# what do you think about bow hunting



## younghunter1014 (Apr 17, 2009)

hey what do you think


----------



## dakotashooter2 (Oct 31, 2003)

If your looking for recomendations as to whether you should start bowhunting a definate yes is the answer. Much more satisfying than gun hunting, often less pressure and more hours in the field. Most years I bowhunt straight through both (Gun and bow) seasons.


----------



## NDTerminator (Aug 20, 2003)

Love it, have had a bow in my hand since I was 5. Suffice to say that was a very long time ago...


----------



## Scott Schuchard (Nov 23, 2002)

Do it there is no rush or challenge like it. Get a good teacher and have fun.


----------



## hunter121390 (Nov 7, 2006)

i love bow hunting. id say go for it if that's what your asking. i started bow hunting 3 years ago and i'd rather bow hunt more than anything else.


----------



## Tator (Dec 10, 2005)

1 word

ADDICTING


----------



## djleye (Nov 14, 2002)

Tator said:


> 1 word
> 
> ADDICTING


Huge addiction. If you ain't hunting, you're shooting the bow!!!


----------



## farmerj (Jun 19, 2004)

Depending on who you talk to, It's safer and more responsible to use archery than a gun....
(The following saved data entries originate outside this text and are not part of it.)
lemma poly_div_exp_tendsto_0: "((\<lambda>t::real. poly p t / exp t) \<longlongrightarrow> 0) at_top"
proof -
  have "((\<lambda>t. \<Sum>i\<le>degree p. coeff p i * (t ^ i / exp t)) \<longlongrightarrow> (\<Sum>i\<le>degree p. coeff p i * 0)) at_top"
    by (intro tendsto_sum tendsto_mult tendsto_const) (use tendsto_power_div_exp_0 in auto)
  then show ?thesis
    by (simp add: poly_altdef sum_divide_distrib)
qed

lemma exp_neg_inverse_deriv_at_0:
  "(exp_neg_inverse_deriv n has_real_derivative 0) (at 0)"
proof -
  let ?q = "\<lambda>y. (exp_neg_inverse_deriv n y - exp_neg_inverse_deriv n 0) / (y - 0)"
  have "((\<lambda>y. poly (pCons 0 (exp_neg_inverse_poly n)) (inverse y) / exp (inverse y)) \<longlongrightarrow> 0)
      (at_right 0)"
    by (rule filterlim_compose[OF poly_div_exp_tendsto_0 filterlim_inverse_at_top_right])
  then have right: "(?q \<longlongrightarrow> 0) (at_right 0)"
    by (rule Lim_transform_eventually, intro eventually_at_rightI[where b=1])
      (auto simp: exp_neg_inverse_deriv_def exp_minus field_simps)
  have "\<forall>\<^sub>F y in at_left (0::real). 0 = ?q y"
    by (rule eventually_at_leftI[where a="-1"]) (auto simp: exp_neg_inverse_deriv_def)
  then have left: "(?q \<longlongrightarrow> 0) (at_left 0)"
    by (rule Lim_transform_eventually[OF tendsto_const])
  show ?thesis
    unfolding has_field_derivative_iff using left right by (simp add: filterlim_at_split)
qed

lemma exp_neg_inverse_deriv_has_real_derivative:
  "(exp_neg_inverse_deriv n has_real_derivative exp_neg_inverse_deriv (Suc n) x) (at x)"
proof (cases "x > 0")
  case True
  let ?p = "exp_neg_inverse_poly n"
  have d: "((\<lambda>x. poly ?p (1 / x) * exp (- 1 / x)) has_real_derivative
      poly (pderiv ?p) (1/x) * (- 1 / x^2) * exp (- 1 / x) + poly ?p (1/x) * (exp (- 1 / x) * (1 / x^2)))
      (at x)"
    using True by (auto intro!: derivative_eq_intros DERIV_chain2[where f="poly ?p"] poly_DERIV
        simp: power2_eq_square field_simps)
  have e: "poly (pderiv ?p) (1/x) * (- 1 / x^2) * exp (- 1 / x)
      + poly ?p (1/x) * (exp (- 1 / x) * (1 / x^2)) = exp_neg_inverse_deriv (Suc n) x"
    using True by (simp add: exp_neg_inverse_deriv_def algebra_simps power2_eq_square)
  show ?thesis
    apply (rule has_field_derivative_transform_within_open[where S="{0<..}"])
    using d e True by (auto simp: exp_neg_inverse_deriv_def)
next
  case False
  show ?thesis
  proof (cases "x < 0")
    case True
    have "((\<lambda>x. 0) has_real_derivative 0) (at x)" by simp
    then have "(exp_neg_inverse_deriv n has_real_derivative 0) (at x)"
      apply (rule has_field_derivative_transform_within_open[where S="{..<0}"])
      using True by (auto simp: exp_neg_inverse_deriv_def)
    moreover have "exp_neg_inverse_deriv (Suc n) x = 0"
      using True by (simp add: exp_neg_inverse_deriv_def)
    ultimately show ?thesis by simp
  next
    case False
    with \<open>\<not> x > 0\<close> have "x = 0" by simp
    moreover have "exp_neg_inverse_deriv (Suc n) 0 = 0" by (simp add: exp_neg_inverse_deriv_def)
    ultimately show ?thesis using exp_neg_inverse_deriv_at_0 by simp
  qed
qed

lemma smooth_exp_neg_inverse: "smooth exp_neg_inverse"
proof -
  have "Ck_differentiable k (exp_neg_inverse_deriv n)" for k n
  proof (induction k arbitrary: n)
    case (Suc k)
    then show ?case using exp_neg_inverse_deriv_has_real_derivative by auto
  qed simp
  moreover have "exp_neg_inverse_deriv 0 = exp_neg_inverse"
    by (auto simp: exp_neg_inverse_deriv_def exp_neg_inverse_def fun_eq_iff)
  ultimately show ?thesis by (metis smooth_def)
qed

lemma exp_neg_inverse_bounds: "0 \<le> exp_neg_inverse x" "exp_neg_inverse x \<le> 1"
  by (auto simp: exp_neg_inverse_def)

lemma exp_neg_inverse_pos_iff: "exp_neg_inverse x > 0 \<longleftrightarrow> x > 0"
  by (auto simp: exp_neg_inverse_def)

definition bump :: "real \<Rightarrow> real" where
  "bump x = exp_neg_inverse x * exp_neg_inverse (1 - x)"

lemma smooth_bump: "smooth bump"
proof -
  have "smooth (\<lambda>x. exp_neg_inverse x * exp_neg_inverse ((-1) * x + 1))"
    by (intro smooth_mult smooth_exp_neg_inverse smooth_affine)
  then show ?thesis by (simp add: bump_def[abs_def])
qed

lemma bump_bounds: "0 \<le> bump x" "bump x \<le> 1"
  using exp_neg_inverse_bounds[of x] exp_neg_inverse_bounds[of "1 - x"]
  by (auto simp: bump_def intro: mult_le_one)

lemma bump_pos_iff: "0 < bump x \<longleftrightarrow> x \<in> {0<..<1}"
  using exp_neg_inverse_pos_iff[of x] exp_neg_inverse_pos_iff[of "1 - x"]
    exp_neg_inverse_bounds[of x] exp_neg_inverse_bounds[of "1 - x"]
  by (auto simp: bump_def zero_less_mult_iff)

definition indicator_approx :: "real \<Rightarrow> real \<Rightarrow> nat \<Rightarrow> real \<Rightarrow> real" where
  "indicator_approx a b n x = 1 - (1 - bump ((x - a) / (b - a))) ^ n"

lemma rescale_mem_unit_interval_iff:
  fixes a b x :: real
  assumes "a < b"
  shows "(x - a) / (b - a) \<in> {0<..<1} \<longleftrightarrow> x \<in> {a<..<b}"
  using assms by (auto simp: divide_less_eq_1_pos zero_less_divide_iff)

lemma smooth_indicator_approx: "smooth (indicator_approx a b n)"
proof -
  have rescale: "(x - a) / (b - a) = (1 / (b - a)) * x + (- a / (b - a))" for x
    by (simp add: diff_divide_distrib)
  show ?thesis
    unfolding indicator_approx_def[abs_def] rescale
    by (intro smooth_diff smooth_const smooth_power smooth_affine smooth_bump)
qed

lemma continuous_on_indicator_approx: "continuous_on UNIV (indicator_approx a b n)"
  by (rule smooth_imp_continuous[OF smooth_indicator_approx])

lemma indicator_approx_bounds: "0 \<le> indicator_approx a b n x" "indicator_approx a b n x \<le> 1"
  using bump_bounds[of "(x - a) / (b - a)"] by (auto simp: indicator_approx_def power_le_one)

lemma indicator_approx_eq_0:
  assumes "a < b" "x \<notin> {a<..<b}"
  shows "indicator_approx a b n x = 0"
proof -
  have "\<not> 0 < bump ((x - a) / (b - a))"
    using assms rescale_mem_unit_interval_iff bump_pos_iff by blast
  then have "bump ((x - a) / (b - a)) = 0"
    using bump_bounds(1)[of "(x - a) / (b - a)"] by linarith
  then show ?thesis by (simp add: indicator_approx_def)
qed

lemma indicator_approx_le_indicator:
  "a < b \<Longrightarrow> indicator_approx a b n x \<le> indicator {a<..<b} x"
  using indicator_approx_bounds[of a b n x] indicator_approx_eq_0[of a b x n]
  by (auto simp: indicator_def)

lemma indicator_approx_LIMSEQ:
  assumes "a < b"
  shows "(\<lambda>n. indicator_approx a b n x) \<longlonglongrightarrow> indicator {a<..<b} x"
proof (cases "x \<in> {a<..<b}")
  case True
  let ?y = "(x - a) / (b - a)"
  have "(\<lambda>n. (1 - bump ?y) ^ n) \<longlonglongrightarrow> 0"
    using True bump_bounds[of ?y] bump_pos_iff[of ?y] rescale_mem_unit_interval_iff[OF assms]
    by (intro LIMSEQ_power_zero) auto
  then have "(\<lambda>n. 1 - (1 - bump ?y) ^ n) \<longlonglongrightarrow> 1 - 0"
    by (intro tendsto_diff tendsto_const)
  with True show ?thesis by (simp add: indicator_approx_def)
qed (simp add: indicator_approx_eq_0 assms)

lemma integrable_continuous_vanishing_outside:
  fixes f :: "real \<Rightarrow> 'b::{banach, second_countable_topology}"
  assumes "continuous_on UNIV f" "\<And>x. x \<notin> {a..b} \<Longrightarrow> f x = 0"
  shows "integrable lborel f"
proof -
  have "integrable lborel (\<lambda>x. indicat_real {a..b} x *\<^sub>R f x)"
    by (rule borel_integrable_compact) (auto intro: continuous_on_subset[OF assms(1)])
  moreover have "(\<lambda>x. indicat_real {a..b} x *\<^sub>R f x) = f"
    using assms(2) by (auto simp: fun_eq_iff indicator_def)
  ultimately show ?thesis by simp
qed

lemma interval_integral_eq_0_outside:
  fixes \<psi> :: "real \<Rightarrow> real"
  assumes outside: "\<And>x. x \<notin> {a<..<b} \<Longrightarrow> \<psi> x = 0"
    and integral_0: "(\<integral>x. \<psi> x \<partial>lborel) = 0" and x: "x \<notin> {a..b}"
  shows "(LBINT t=ereal a..ereal x. \<psi> t) = 0"
proof (cases "x \<le> a")
  case True
  have "(LBINT t=ereal a..ereal x. \<psi> t) = - (LBINT t=x..a. \<psi> t)"
    by (rule interval_integral_endpoints_reverse)
  also have "(LBINT t=x..a. \<psi> t) = (LBINT t:{x..a}. \<psi> t)"
    using True by (rule interval_integral_Icc)
  also have "\<dots> = 0"
    unfolding set_lebesgue_integral_def using outside
    by (subst Bochner_Integration.integral_cong[where g="\<lambda>x. 0"]) (auto simp: indicator_def)
  finally show ?thesis by simp
next
  case False
  then have "(LBINT t=ereal a..ereal x. \<psi> t) = (LBINT t:{a..x}. \<psi> t)"
    by (intro interval_integral_Icc) simp
  also have "\<dots> = (\<integral>t. \<psi> t \<partial>lborel)"
    unfolding set_lebesgue_integral_def
  proof (intro Bochner_Integration.integral_cong refl)
    fix t show "indicat_real {a..x} t *\<^sub>R \<psi> t = \<psi> t"
      using outside[of t] x False by (cases "t \<in> {a<..<b}") (auto simp: indicator_def)
  qed
  finally show ?thesis using integral_0 by simp
qed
Because it's an olympic sport.


----------



## crosshunt (Feb 10, 2009)

> Huge addiction. If you ain't hunting, you're shooting the bow!!!


i know when i first started bow hunting, before the season came in i was out shooting my bow after school every day till my arm got tired and i couldnt shoot anymore. and where i came from if you didnt bow hunt then you didnt really hunt that much because other than bow you only had about 2-3 weeks where it was shotgun or muzzle loader. you feel like youve accomplished something big too when you get a deer with a bow.


----------



## martin_shooter (Sep 27, 2008)

Its one think to shoot a deer with a rifle, but when you shoot a deer within 30 yards with a bow, its amazing. There is no feeling like hunting a deer with a bow. You have to know your game in much greater detail. The amount of work that goes into it becomes addicting. The first time you shoot a deer with a bow, no matter how big or small, it will be one of the best deer you ever shoot.


----------